Ah the review…Alongside feeding back for TBL, I was reporting in it for Kerrang !then the main rock music paper and  given the low key nature of the event I was billed as an ‘’undercover Big K! reporter’ – ooerr!

My review went on to reveal they then played an up-tempo blues jam built around Don’t Stop Me Talkin’ and then a loose instrumental work out with definite Crunge like leanings.

Here’s some extracts from my review:

alexsis 3

And finally ’’At least two people haven’t played this song before’’joked Plant as Jimmy stepped on the wah wah pedal and teased out the intro to the classic Train Kept A Rollin’, a track Jimmy used to play with The Yardbirds before he formed Zeppelin and the same number that Zep used to open their set on their last tour in Europe 1980. Inevitably this one was met with a huge roar of appreciation and was performed with an irrepressible swagger that recalled so many past glories.
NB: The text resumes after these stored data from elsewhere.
lemma dual_system_combination:
  fixes e f :: "'d \<Rightarrow> complex^'d" and D :: "'d \<Rightarrow> 'd fock \<Rightarrow> 'd fock \<Rightarrow> complex"
  assumes ds: "dual_system q A e D" and f: "\<And>j. f j = (\<Sum>k\<in>UNIV. y j k *s e k)"
  shows "dual_system q A f (\<lambda>i \<xi> \<eta>. \<Sum>k\<in>UNIV. y i k * D k \<xi> \<eta>)"
  unfolding dual_system_def
proof (intro allI conjI impI)
  fix i a b and \<xi> \<eta> \<eta>' :: "'d fock"
  assume "falg \<xi>" "falg \<eta>" "falg \<eta>'"
  then have "D k \<xi> (\<lambda>w. a * \<eta> w + b * \<eta>' w) = cnj a * D k \<xi> \<eta> + cnj b * D k \<xi> \<eta>'" for k
    by (rule dual_system_antilinear[OF ds])
  then show "(\<Sum>k\<in>UNIV. y i k * D k \<xi> (\<lambda>w. a * \<eta> w + b * \<eta>' w))
      = cnj a * (\<Sum>k\<in>UNIV. y i k * D k \<xi> \<eta>) + cnj b * (\<Sum>k\<in>UNIV. y i k * D k \<xi> \<eta>')"
    by (simp add: sum.distrib sum_distrib_left distrib_left mult.left_commute)
next
  fix i and \<xi> :: "'d fock"
  assume "falg \<xi>"
  then show "\<exists>C. \<forall>\<eta>. falg \<eta> \<longrightarrow> cmod (\<Sum>k\<in>UNIV. y i k * D k \<xi> \<eta>) \<le> C * qnorm q A \<eta>"
    using ds unfolding dual_system_def by (intro relatively_bounded_sum) blast
next
  fix i a b and \<xi> \<xi>' \<eta> :: "'d fock"
  assume "falg \<xi>" "falg \<xi>'" "falg \<eta>"
  then have "D k (\<lambda>w. a * \<xi> w + b * \<xi>' w) \<eta> = a * D k \<xi> \<eta> + b * D k \<xi>' \<eta>" for k
    by (rule dual_system_linear[OF ds])
  then show "(\<Sum>k\<in>UNIV. y i k * D k (\<lambda>w. a * \<xi> w + b * \<xi>' w) \<eta>)
      = a * (\<Sum>k\<in>UNIV. y i k * D k \<xi> \<eta>) + b * (\<Sum>k\<in>UNIV. y i k * D k \<xi>' \<eta>)"
    by (simp add: sum.distrib sum_distrib_left distrib_left mult.left_commute)
next
  fix i
  show "\<exists>C. \<forall>\<xi>. falg \<xi> \<longrightarrow> cmod (\<Sum>k\<in>UNIV. y i k * D k \<xi> vac) \<le> C * qnorm q A \<xi>"
    using ds unfolding dual_system_def by (intro relatively_bounded_sum) blast
next
  fix i and \<eta> :: "'d fock"
  assume "falg \<eta>"
  then show "(\<Sum>k\<in>UNIV. y i k * D k vac \<eta>) = 0"
    using ds unfolding dual_system_def by simp
next
  fix i j and \<xi> \<eta> :: "'d fock"
  assume "falg \<xi>" "falg \<eta>"
  then show "(\<Sum>k\<in>UNIV. y i k * D k (Wop q A (f j) \<xi>) \<eta>)
      - (\<Sum>k\<in>UNIV. y i k * D k \<xi> (Wadj q A (f j) \<eta>))
      = innerU A (conjv (f j)) (f i) * qip q A \<eta> vac * qip q A vac \<xi>"
    by (rule dual_system_commutator_combination[OF ds f])
qed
And with that Page and Plant were gone..

This comeback proved conclusively that Page and Plant are more than happy to be back in each other’s company rekindling a partnership that was responsible for so much great music in the past. And judging from a delightful telling moment when Jimmy skipped around the stage chugging out a fierce blues riff against Robert’s incessant scat singing – the potential for this new alliance is awesome. Buxton might just have signalled a whole new beginning for the post –Zep era’.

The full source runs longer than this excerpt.